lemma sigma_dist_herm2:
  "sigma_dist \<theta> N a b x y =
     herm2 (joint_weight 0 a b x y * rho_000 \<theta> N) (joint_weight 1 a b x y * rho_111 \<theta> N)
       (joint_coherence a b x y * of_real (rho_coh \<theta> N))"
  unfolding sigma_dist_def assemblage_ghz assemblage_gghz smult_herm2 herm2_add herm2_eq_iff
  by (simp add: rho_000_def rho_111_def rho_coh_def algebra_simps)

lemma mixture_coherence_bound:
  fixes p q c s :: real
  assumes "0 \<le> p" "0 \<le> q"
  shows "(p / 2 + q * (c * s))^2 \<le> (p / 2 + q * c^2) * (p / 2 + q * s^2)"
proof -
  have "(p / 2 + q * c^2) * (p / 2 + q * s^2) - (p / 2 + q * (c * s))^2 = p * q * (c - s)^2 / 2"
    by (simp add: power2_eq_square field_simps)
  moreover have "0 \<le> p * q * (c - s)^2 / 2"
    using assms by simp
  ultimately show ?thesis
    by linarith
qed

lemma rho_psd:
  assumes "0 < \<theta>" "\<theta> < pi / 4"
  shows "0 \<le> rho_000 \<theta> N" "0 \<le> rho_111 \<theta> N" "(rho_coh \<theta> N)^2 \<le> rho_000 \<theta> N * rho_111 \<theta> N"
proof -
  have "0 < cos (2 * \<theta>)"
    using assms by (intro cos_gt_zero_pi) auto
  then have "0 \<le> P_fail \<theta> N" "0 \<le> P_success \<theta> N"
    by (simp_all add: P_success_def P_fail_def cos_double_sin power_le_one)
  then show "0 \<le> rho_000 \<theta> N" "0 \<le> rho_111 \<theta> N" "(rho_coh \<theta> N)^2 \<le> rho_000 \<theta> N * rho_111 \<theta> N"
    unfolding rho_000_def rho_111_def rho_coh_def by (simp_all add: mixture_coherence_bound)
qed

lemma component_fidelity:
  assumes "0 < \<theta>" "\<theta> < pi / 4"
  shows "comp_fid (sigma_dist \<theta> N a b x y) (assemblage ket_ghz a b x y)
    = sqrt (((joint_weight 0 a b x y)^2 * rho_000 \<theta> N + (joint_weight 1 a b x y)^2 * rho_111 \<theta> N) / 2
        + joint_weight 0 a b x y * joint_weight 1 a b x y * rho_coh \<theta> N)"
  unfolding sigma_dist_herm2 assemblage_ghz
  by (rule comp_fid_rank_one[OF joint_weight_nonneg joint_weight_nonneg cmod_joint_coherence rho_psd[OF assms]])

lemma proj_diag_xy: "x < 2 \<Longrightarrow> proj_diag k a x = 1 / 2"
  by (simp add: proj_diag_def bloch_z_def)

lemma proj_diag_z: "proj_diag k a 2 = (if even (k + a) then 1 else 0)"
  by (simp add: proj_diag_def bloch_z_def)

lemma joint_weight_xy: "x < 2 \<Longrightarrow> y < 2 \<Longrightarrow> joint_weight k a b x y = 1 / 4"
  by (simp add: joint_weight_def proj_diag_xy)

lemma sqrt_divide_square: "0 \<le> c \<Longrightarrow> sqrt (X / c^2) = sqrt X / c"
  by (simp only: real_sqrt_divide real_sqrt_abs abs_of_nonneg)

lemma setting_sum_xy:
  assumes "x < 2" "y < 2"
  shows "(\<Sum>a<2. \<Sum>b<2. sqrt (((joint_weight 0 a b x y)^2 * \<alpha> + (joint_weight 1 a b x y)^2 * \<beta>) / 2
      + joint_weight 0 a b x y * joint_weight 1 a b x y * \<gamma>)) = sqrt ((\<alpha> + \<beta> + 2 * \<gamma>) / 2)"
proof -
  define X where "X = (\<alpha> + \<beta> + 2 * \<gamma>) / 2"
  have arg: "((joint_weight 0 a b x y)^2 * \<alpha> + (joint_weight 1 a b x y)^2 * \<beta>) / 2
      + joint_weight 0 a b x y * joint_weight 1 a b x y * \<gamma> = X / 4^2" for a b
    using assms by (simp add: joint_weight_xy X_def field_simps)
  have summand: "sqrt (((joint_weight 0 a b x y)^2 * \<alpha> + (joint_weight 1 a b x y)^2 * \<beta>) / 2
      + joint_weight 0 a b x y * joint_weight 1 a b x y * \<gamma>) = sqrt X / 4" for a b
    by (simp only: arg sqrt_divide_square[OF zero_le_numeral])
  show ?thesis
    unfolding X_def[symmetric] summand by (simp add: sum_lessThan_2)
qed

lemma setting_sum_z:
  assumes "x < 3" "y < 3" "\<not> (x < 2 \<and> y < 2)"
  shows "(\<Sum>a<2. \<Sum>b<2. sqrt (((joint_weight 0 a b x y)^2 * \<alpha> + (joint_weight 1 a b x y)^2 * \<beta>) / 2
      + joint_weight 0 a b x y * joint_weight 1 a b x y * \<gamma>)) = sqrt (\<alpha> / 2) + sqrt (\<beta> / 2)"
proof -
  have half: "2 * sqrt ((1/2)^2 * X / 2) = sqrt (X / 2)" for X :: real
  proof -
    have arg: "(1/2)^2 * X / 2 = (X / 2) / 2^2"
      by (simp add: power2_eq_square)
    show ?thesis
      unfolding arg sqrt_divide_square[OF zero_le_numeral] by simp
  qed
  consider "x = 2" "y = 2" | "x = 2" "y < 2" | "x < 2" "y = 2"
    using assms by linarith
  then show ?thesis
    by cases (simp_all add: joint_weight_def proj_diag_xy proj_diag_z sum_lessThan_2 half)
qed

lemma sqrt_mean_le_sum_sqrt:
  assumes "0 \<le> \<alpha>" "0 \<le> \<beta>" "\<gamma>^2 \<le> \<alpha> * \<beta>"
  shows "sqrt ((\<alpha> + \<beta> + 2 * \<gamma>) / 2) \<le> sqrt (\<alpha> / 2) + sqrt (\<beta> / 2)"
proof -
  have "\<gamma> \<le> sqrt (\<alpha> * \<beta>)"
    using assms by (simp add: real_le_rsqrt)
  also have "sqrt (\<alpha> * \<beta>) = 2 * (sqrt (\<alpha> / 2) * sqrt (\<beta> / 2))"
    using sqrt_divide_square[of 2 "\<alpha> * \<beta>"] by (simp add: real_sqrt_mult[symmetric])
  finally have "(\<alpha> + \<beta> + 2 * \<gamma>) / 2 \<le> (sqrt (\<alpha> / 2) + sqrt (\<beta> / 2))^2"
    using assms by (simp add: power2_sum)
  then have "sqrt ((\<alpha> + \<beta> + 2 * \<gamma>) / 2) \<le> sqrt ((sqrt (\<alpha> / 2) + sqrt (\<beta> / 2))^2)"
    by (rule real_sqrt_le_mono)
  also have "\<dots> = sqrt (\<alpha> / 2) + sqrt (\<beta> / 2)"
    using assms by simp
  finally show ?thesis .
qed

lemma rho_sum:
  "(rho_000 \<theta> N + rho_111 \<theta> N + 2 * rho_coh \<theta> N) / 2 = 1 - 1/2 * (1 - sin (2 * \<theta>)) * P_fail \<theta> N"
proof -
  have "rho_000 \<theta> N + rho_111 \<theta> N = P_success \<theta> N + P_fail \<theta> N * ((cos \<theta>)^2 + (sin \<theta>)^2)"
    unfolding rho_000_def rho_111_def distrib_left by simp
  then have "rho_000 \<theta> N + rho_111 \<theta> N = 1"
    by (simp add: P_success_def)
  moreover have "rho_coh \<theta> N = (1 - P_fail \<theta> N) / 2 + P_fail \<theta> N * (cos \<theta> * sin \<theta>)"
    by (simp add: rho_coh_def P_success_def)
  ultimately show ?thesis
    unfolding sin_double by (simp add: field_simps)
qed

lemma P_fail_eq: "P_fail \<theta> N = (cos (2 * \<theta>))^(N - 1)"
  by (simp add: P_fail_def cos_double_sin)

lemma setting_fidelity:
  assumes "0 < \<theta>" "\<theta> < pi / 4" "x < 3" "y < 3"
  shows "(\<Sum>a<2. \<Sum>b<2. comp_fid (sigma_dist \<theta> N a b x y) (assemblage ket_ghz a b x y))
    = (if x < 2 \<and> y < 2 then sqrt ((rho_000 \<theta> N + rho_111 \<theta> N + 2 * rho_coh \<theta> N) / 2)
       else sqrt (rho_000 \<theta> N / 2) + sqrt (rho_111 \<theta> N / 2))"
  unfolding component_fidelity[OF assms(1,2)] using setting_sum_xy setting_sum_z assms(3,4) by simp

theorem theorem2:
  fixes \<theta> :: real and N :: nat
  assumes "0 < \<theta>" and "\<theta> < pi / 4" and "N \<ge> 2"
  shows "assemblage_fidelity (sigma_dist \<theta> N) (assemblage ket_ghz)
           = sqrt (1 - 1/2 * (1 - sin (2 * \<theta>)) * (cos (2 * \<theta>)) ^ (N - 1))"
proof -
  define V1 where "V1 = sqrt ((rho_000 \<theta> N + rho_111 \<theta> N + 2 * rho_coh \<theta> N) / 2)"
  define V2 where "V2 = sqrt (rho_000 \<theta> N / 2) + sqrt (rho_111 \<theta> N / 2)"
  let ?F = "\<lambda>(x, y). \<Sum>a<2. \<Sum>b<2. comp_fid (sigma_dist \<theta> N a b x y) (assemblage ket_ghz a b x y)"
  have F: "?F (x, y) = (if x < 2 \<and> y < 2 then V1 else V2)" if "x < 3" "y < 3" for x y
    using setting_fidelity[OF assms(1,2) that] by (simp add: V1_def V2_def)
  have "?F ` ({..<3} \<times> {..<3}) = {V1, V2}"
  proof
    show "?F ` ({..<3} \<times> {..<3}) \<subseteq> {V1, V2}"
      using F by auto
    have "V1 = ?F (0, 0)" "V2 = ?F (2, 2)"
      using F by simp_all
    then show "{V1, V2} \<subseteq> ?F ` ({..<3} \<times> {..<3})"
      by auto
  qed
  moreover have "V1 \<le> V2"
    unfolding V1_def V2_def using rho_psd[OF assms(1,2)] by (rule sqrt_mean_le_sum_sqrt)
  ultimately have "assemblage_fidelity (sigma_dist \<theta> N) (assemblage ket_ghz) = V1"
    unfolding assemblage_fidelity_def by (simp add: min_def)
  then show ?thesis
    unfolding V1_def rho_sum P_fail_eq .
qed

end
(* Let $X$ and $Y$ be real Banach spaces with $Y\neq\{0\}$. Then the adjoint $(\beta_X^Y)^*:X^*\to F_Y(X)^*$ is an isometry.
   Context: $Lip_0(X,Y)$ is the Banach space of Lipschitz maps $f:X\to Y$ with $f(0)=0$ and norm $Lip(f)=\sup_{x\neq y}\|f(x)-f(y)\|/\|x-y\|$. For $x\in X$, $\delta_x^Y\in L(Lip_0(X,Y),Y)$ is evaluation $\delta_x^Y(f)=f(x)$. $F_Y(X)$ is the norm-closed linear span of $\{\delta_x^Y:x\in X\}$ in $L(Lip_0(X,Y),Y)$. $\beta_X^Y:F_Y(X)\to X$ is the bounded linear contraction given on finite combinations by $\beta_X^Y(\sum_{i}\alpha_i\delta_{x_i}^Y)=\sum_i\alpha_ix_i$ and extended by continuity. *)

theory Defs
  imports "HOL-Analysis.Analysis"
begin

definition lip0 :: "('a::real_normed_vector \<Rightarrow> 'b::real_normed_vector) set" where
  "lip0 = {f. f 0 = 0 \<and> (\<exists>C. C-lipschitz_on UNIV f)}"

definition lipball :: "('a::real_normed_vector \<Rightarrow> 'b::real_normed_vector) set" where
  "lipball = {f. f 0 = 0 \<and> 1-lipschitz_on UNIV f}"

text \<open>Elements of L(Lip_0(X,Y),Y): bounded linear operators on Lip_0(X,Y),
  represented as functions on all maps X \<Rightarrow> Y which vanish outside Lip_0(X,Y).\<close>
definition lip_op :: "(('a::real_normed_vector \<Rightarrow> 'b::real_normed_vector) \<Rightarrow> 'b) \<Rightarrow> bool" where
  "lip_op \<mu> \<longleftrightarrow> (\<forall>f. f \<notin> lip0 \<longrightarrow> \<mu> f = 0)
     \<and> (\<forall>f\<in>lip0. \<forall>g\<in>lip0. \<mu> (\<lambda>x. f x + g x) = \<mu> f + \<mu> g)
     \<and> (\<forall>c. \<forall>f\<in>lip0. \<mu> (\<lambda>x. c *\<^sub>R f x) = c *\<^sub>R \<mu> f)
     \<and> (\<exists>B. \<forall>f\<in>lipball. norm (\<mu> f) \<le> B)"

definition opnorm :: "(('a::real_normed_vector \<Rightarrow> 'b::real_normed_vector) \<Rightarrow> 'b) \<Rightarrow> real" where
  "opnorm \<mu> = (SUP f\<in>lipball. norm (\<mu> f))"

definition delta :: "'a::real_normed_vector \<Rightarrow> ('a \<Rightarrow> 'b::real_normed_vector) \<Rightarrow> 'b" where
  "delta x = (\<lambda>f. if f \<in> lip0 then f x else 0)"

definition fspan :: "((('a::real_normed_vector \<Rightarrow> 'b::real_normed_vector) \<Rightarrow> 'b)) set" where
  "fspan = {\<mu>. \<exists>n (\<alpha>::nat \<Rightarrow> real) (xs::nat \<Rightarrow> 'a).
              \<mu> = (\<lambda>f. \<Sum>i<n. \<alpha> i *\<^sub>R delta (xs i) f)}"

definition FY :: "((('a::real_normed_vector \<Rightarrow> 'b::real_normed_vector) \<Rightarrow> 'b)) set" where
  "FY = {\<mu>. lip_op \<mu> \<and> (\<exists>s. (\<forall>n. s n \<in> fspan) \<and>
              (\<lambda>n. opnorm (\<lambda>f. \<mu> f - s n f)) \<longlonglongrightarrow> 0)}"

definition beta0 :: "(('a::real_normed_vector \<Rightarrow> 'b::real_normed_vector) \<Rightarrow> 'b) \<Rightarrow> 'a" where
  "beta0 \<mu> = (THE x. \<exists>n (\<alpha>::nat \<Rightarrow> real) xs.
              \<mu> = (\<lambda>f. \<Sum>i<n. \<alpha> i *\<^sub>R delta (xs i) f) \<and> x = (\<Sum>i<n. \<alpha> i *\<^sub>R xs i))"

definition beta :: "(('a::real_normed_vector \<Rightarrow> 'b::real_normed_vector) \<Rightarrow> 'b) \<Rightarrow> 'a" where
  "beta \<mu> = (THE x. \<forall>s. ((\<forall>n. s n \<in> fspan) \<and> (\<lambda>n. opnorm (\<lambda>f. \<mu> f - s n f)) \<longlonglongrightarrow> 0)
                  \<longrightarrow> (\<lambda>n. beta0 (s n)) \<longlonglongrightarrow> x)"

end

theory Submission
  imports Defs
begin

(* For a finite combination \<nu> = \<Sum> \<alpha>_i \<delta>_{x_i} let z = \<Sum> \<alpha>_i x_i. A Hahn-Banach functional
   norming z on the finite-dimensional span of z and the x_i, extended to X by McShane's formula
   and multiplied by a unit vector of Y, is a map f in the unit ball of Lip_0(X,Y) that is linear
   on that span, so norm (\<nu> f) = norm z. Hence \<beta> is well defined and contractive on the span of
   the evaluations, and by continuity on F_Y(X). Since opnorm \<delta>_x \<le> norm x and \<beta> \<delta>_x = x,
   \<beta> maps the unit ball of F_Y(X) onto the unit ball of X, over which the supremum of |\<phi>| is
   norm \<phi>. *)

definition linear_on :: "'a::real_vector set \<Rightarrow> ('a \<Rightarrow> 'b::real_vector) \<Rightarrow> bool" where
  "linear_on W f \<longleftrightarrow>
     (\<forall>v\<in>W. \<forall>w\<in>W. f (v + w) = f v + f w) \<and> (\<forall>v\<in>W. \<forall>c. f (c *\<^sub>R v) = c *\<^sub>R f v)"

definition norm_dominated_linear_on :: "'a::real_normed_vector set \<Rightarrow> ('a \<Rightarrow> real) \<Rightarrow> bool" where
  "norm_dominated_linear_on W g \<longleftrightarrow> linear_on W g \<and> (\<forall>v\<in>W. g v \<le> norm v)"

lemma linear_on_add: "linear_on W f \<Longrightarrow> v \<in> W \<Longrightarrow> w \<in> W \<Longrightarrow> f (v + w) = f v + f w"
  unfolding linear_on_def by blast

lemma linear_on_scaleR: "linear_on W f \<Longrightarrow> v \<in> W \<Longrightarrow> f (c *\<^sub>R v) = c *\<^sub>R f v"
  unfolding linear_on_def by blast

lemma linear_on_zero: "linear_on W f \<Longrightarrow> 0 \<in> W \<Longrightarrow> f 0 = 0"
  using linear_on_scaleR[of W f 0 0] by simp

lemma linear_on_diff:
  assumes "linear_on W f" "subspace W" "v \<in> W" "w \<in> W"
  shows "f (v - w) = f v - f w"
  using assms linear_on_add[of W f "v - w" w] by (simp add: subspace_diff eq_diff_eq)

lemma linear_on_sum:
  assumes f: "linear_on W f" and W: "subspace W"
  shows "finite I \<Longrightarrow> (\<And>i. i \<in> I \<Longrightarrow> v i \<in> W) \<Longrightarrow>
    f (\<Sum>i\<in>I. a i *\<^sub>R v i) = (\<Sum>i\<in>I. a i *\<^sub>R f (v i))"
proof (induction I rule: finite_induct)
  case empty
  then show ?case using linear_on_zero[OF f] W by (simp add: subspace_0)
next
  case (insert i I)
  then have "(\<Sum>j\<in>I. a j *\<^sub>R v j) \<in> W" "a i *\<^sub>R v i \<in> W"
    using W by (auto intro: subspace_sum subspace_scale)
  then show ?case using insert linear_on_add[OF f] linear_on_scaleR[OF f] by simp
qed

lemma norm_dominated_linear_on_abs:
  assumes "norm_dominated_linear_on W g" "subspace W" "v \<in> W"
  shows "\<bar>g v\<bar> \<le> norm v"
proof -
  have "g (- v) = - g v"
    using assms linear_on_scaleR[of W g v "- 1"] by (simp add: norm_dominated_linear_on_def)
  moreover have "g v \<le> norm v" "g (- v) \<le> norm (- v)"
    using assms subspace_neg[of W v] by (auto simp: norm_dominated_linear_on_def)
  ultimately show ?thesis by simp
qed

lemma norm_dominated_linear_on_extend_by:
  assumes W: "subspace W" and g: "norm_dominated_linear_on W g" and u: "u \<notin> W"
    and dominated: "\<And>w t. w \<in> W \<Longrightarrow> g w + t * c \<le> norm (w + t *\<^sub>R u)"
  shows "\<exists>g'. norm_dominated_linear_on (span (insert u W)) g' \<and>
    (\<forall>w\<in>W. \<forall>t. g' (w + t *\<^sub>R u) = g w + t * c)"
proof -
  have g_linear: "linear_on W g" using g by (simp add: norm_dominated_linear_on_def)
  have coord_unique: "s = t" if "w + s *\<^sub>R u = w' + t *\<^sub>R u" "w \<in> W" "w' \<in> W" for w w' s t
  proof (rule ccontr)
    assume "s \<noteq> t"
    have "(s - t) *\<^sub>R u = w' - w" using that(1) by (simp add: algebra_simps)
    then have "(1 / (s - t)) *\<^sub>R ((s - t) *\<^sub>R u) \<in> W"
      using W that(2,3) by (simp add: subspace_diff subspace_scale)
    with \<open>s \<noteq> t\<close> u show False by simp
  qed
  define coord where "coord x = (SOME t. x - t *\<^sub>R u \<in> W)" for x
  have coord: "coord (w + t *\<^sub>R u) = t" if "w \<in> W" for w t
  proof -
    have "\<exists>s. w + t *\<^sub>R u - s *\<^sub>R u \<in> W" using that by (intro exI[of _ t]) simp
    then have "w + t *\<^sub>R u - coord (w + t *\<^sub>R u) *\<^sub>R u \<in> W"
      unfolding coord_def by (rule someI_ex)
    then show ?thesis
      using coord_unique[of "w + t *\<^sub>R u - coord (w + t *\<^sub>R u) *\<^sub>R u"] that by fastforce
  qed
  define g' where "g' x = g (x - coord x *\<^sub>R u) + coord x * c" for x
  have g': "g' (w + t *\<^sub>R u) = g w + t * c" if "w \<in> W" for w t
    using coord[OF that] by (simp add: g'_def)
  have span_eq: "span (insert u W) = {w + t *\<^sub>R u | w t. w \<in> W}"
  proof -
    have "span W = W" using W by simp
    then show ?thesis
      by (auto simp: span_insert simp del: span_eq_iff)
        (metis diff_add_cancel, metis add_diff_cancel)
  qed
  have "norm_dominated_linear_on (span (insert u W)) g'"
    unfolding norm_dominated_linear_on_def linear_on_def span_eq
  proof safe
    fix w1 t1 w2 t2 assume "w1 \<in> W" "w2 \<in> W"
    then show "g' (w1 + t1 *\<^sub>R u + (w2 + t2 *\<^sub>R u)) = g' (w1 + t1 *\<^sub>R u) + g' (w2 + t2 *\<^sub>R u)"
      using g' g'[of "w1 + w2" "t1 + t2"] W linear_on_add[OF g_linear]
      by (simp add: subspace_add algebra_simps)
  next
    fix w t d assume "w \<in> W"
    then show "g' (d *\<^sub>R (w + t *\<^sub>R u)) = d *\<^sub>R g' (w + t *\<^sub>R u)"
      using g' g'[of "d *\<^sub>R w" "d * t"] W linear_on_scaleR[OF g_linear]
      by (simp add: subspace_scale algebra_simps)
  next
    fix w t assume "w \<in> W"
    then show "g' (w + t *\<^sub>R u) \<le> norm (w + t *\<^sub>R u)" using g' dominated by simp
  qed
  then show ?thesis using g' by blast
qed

- [WHAT YOU ARE ASKED TO DO]:
Starting at the line that has "theory Submission" and ending at the line that has "W f \<longleftrightarrow>", please write out the lines above exactly, leaving out all others.

- [ANSWER SPACE]:
theory Submission
  imports Defs
begin

(* For a finite combination \<nu> = \<Sum> \<alpha>_i \<delta>_{x_i} let z = \<Sum> \<alpha>_i x_i. A Hahn-Banach functional
   norming z on the finite-dimensional span of z and the x_i, extended to X by McShane's formula
   and multiplied by a unit vector of Y, is a map f in the unit ball of Lip_0(X,Y) that is linear
   on that span, so norm (\<nu> f) = norm z. Hence \<beta> is well defined and contractive on the span of
   the evaluations, and by continuity on F_Y(X). Since opnorm \<delta>_x \<le> norm x and \<beta> \<delta>_x = x,
   \<beta> maps the unit ball of F_Y(X) onto the unit ball of X, over which the supremum of |\<phi>| is
   norm \<phi>. *)

definition linear_on :: "'a::real_vector set \<Rightarrow> ('a \<Rightarrow> 'b::real_vector) \<Rightarrow> bool" where
  "linear_on W f \<longleftrightarrow>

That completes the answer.